Creator: Itamar Apelblat, CEO and Co-Founder, Token Safety
Not way back, AI deployments contained in the enterprise meant copilots drafting emails or summarizing paperwork. At the moment, AI brokers are provisioning infrastructure, answering buyer assist tickets, triaging alerts, approving transactions, writing manufacturing code, and a lot extra. They’re not passive assistants. They’re operators throughout the enterprise.
For CISOs, this shift creates a well-recognized however amplified drawback: entry.
Each AI agent authenticates to programs and companies. It makes use of API keys, OAuth tokens, cloud roles, or service accounts. It reads knowledge, writes configurations, and calls downstream instruments. In different phrases, it behaves precisely like an id, as a result of it’s one.
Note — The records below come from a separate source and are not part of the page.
text \<open>The hypotheses say \<open>E = exp H\<close> and \<open>E = W + \<surd>(1 + W\<^sup>2)\<close>, i.e. \<open>H = arsinh W\<close>.\<close>
lemma fps_arsinh_coeffs:
  fixes W H E :: "'a::field_char_0 fps"
  assumes quadratic: "E * E - 2 * (W * E) - 1 = 0" and exp: "fps_deriv E = fps_deriv H * E"
    and [simp]: "W $ 0 = 0" "H $ 0 = 0" "E $ 0 = 1"
  shows "H $ 1 = W $ 1" "H $ 2 = W $ 2" "H $ 3 = W $ 3 - (W $ 1)^3 / 6"
proof -
  have quad: "(E * E) $ n = 2 * (W * E) $ n" if "n > 0" for n
  proof -
    have "(E * E - 2 * (W * E) - 1) $ n = 0" by (simp only: quadratic fps_zero_nth)
    then show ?thesis using that by (simp add: fps_numeral_nth)
  qed
  have deriv: "(fps_deriv E) $ n = (fps_deriv H * E) $ n" for n using exp by simp
  note nth_simps = fps_mult_nth_small Suc_1 power2_eq_square power3_eq_cube field_simps
  have E1: "E $ 1 = W $ 1" using quad[of 1] by (simp add: nth_simps flip: One_nat_def)
  have E2: "E $ 2 = (W $ 1)^2 / 2 + W $ 2"
    using quad[of 2] by (simp add: nth_simps E1 flip: One_nat_def)
  have E3: "E $ 3 = W $ 1 * W $ 2 + W $ 3"
    using quad[of 3] by (simp add: nth_simps E1 E2 flip: One_nat_def) algebra
  show H1: "H $ 1 = W $ 1" using deriv[of 0] by (simp add: nth_simps E1 flip: One_nat_def)
  show H2: "H $ 2 = W $ 2" using deriv[of 1] by (simp add: nth_simps E1 E2 H1 flip: One_nat_def)
  show "H $ 3 = W $ 3 - (W $ 1)^3 / 6"
    using deriv[of 2] by (simp add: nth_simps E1 E2 E3 H1 H2 flip: One_nat_def)
qed

lemma coeffs_arsinh_comp:
  fixes w :: "complex \<Rightarrow> complex"
  assumes w: "w holomorphic_on ball 0 1" and w_disc: "\<And>z. norm z < 1 \<Longrightarrow> norm (w z) < 1"
    and "w 0 = 0"
  shows "coeff (\<lambda>z. arsinh (w z)) 1 = coeff w 1"
    and "coeff (\<lambda>z. arsinh (w z)) 2 = coeff w 2"
    and "coeff (\<lambda>z. arsinh (w z)) 3 = coeff w 3 - (coeff w 1)^3 / 6"
proof -
  define h where "h z = arsinh (w z)" for z
  define e where "e z = exp (h z)" for z
  have h: "h holomorphic_on ball 0 1"
    unfolding h_def using w w_disc by (rule holomorphic_on_arsinh_comp)
  have e: "e holomorphic_on ball 0 1" unfolding e_def by (intro holomorphic_intros h)
  define W where "W = fps_expansion w 0"
  define H where "H = fps_expansion h 0"
  define E where "E = fps_expansion e 0"
  have hW: "w has_fps_expansion W" unfolding W_def using w by (rule has_fps_expansion_unit_disc)
  have hH: "h has_fps_expansion H" unfolding H_def using h by (rule has_fps_expansion_unit_disc)
  have hE: "e has_fps_expansion E" unfolding E_def using e by (rule has_fps_expansion_unit_disc)
  have quadratic: "E * E - 2 * (W * E) - 1 = 0"
  proof (rule fps_expansion_eq_unit_disc)
    show "(\<lambda>z. e z * e z - 2 * (w z * e z) - 1) has_fps_expansion E * E - 2 * (W * E) - 1"
      by (intro fps_expansion_intros hE hW)
    show "(\<lambda>z. 0) has_fps_expansion 0" by simp
    fix z :: complex
    show "e z * e z - 2 * (w z * e z) - 1 = 0"
      using exp_arsinh_complex_quadratic[of "w z"] by (simp add: e_def h_def power2_eq_square)
  qed
  moreover have "fps_deriv E = fps_deriv H * E"
  proof (rule fps_expansion_eq_unit_disc)
    show "deriv e has_fps_expansion fps_deriv E" by (intro fps_expansion_intros hE)
    show "(\<lambda>z. deriv h z * e z) has_fps_expansion fps_deriv H * E"
      by (intro fps_expansion_intros hE hH)
    fix z :: complex assume "norm z < 1"
    then have "(h has_field_derivative deriv h z) (at z)"
      using h by (intro holomorphic_derivI[of _ "ball 0 1"]) auto
    then have "(e has_field_derivative exp (h z) * deriv h z) (at z)"
      unfolding e_def[abs_def] by (auto intro!: derivative_eq_intros)
    then show "deriv e z = deriv h z * e z" by (simp add: DERIV_imp_deriv e_def)
  qed
  moreover have "W $ 0 = 0" "H $ 0 = 0" "E $ 0 = 1"
    using assms fps_nth_fps_expansion[OF hW, of 0] fps_nth_fps_expansion[OF hH, of 0]
      fps_nth_fps_expansion[OF hE, of 0] by (simp_all add: h_def e_def)
  ultimately have H1: "H $ 1 = W $ 1" and H2: "H $ 2 = W $ 2"
    and H3: "H $ 3 = W $ 3 - (W $ 1)^3 / 6"
    by (rule fps_arsinh_coeffs)+
  note coeffs = coeff_eq_fps_nth[OF hW] coeff_eq_fps_nth[OF hH, unfolded h_def]
  show "coeff (\<lambda>z. arsinh (w z)) 1 = coeff w 1" using H1 by (simp only: coeffs)
  show "coeff (\<lambda>z. arsinh (w z)) 2 = coeff w 2" using H2 by (simp only: coeffs)
  show "coeff (\<lambda>z. arsinh (w z)) 3 = coeff w 3 - (coeff w 1)^3 / 6" using H3 by (simp only: coeffs)
qed

lemma unit_disc_self_map_cases:
  fixes u :: "complex \<Rightarrow> complex"
  assumes u: "u holomorphic_on ball 0 1" and u_disc: "\<And>z. norm z < 1 \<Longrightarrow> norm (u z) \<le> 1"
  shows "(\<forall>z. norm z < 1 \<longrightarrow> u z = u 0) \<or> (\<forall>z. norm z < 1 \<longrightarrow> norm (u z) < 1)"
proof (cases "\<exists>z. norm z < 1 \<and> norm (u z) = 1")
  case True
  then obtain z0 where z0: "norm z0 < 1" "norm (u z0) = 1" by blast
  have "u constant_on ball 0 1"
    by (rule maximum_modulus_principle[OF u open_ball connected_ball open_ball subset_refl, of z0])
      (use z0 u_disc in auto)
  then have "u z = u 0" if "norm z < 1" for z
    using that by (auto simp: constant_on_def)
  then show ?thesis by blast
next
  case False
  then show ?thesis using u_disc by (meson order.not_eq_order_implies_strict)
qed

lemma coeff_eq_0_if_constant_on_unit_disc:
  fixes u :: "complex \<Rightarrow> complex"
  assumes "\<And>z. norm z < 1 \<Longrightarrow> u z = c" and "n > 0"
  shows "coeff u n = 0"
proof -
  have "u has_fps_expansion fps_const c"
    using has_fps_expansion_cong_unit_disc[OF has_fps_expansion_const] assms(1) by metis
  then show ?thesis using \<open>n > 0\<close> by (simp add: coeff_eq_fps_nth)
qed

lemma schwarz_factor:
  fixes g :: "complex \<Rightarrow> complex"
  assumes g: "g holomorphic_on ball 0 1" and "g 0 = 0"
    and g_disc: "\<And>z. norm z < 1 \<Longrightarrow> norm (g z) < 1"
  obtains t where "t holomorphic_on ball 0 1" "\<And>z. norm z < 1 \<Longrightarrow> g z = z * t z"
    "\<And>z. norm z < 1 \<Longrightarrow> norm (t z) \<le> 1"
proof -
  obtain t where t: "t holomorphic_on ball 0 1" and gt: "\<And>z. norm z < 1 \<Longrightarrow> g z = z * t z"
    and "deriv g 0 = t 0"
    using Schwarz3[OF g \<open>g 0 = 0\<close>] by blast
  have "norm (t z) \<le> 1" if z: "norm z < 1" for z
  proof (cases "z = 0")
    case True
    then show ?thesis
      using Schwarz_Lemma(2)[OF g \<open>g 0 = 0\<close> g_disc, of 0] \<open>deriv g 0 = t 0\<close> by simp
  next
    case False
    have "norm z * norm (t z) \<le> norm z * 1"
      using Schwarz_Lemma(1)[OF g \<open>g 0 = 0\<close> g_disc z] gt[OF z] by (simp add: norm_mult)
    then show ?thesis using False by simp
  qed
  then show ?thesis using that t gt by blast
qed

lemma coeff_Suc_of_eq_mult_z:
  fixes g t :: "complex \<Rightarrow> complex"
  assumes g: "g holomorphic_on ball 0 1" and t: "t holomorphic_on ball 0 1"
    and gt: "\<And>z. norm z < 1 \<Longrightarrow> g z = z * t z"
  shows "coeff g (Suc n) = coeff t n"
proof -
  have hg: "g has_fps_expansion fps_expansion g 0" using g by (rule has_fps_expansion_unit_disc)
  have ht: "t has_fps_expansion fps_expansion t 0" using t by (rule has_fps_expansion_unit_disc)
  have "fps_expansion g 0 = fps_X * fps_expansion t 0"
  proof (rule fps_expansion_eq_unit_disc[OF hg])
    show "(\<lambda>z. z * t z) has_fps_expansion fps_X * fps_expansion t 0"
      by (intro fps_expansion_intros ht)
  qed (fact gt)
  then show ?thesis by (simp add: coeff_eq_fps_nth[OF hg] coeff_eq_fps_nth[OF ht])
qed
But in lots of organizations, AI brokers should not ruled as first-class identities. They inherit the privileges of their creators. They function below over-scoped service accounts. They’re granted broad entry simply to verify issues work. As soon as deployed, they usually evolve quicker than the controls round them.
That is the rising blind spot in AI safety.
Step one towards closing it’s what we name identity-first safety for AI: recognizing that each autonomous agent have to be ruled, audited, and attested similar to a human consumer or machine workload. Meaning distinctive identities, outlined roles, clear possession, lifecycle administration, entry management, and auditability.
However right here’s the onerous fact: id alone is not adequate.
Conventional id and entry administration (IAM) solutions a simple query: Who’s requesting entry? In a human-driven world, that was usually sufficient. Customers had roles and job features. Providers had outlined scopes. Workflows have been comparatively predictable.
AI brokers create, use, and rotate identities at machine pace—outpacing conventional IAM controls.
This information exhibits CISOs the way to handle the complete lifecycle of AI agent identities, scale back threat, and preserve governance and audit readiness.
AI brokers change that equation.
They’re dynamic by design. They interpret inputs, plan actions, and name instruments primarily based on context. An AI agent that begins with the mission to generate a quarterly report would possibly, if prompted or misdirected, try and entry programs unrelated to reporting. An infrastructure agent designed to remediate vulnerabilities would possibly pivot to modifying configurations in ways in which exceed its unique scope.
When that occurs, identity-based controls don’t essentially cease it from taking place.
Conventional IAM assumes determinism. A job is granted as a result of a consumer or service performs an outlined perform. The scope of motion is predictable.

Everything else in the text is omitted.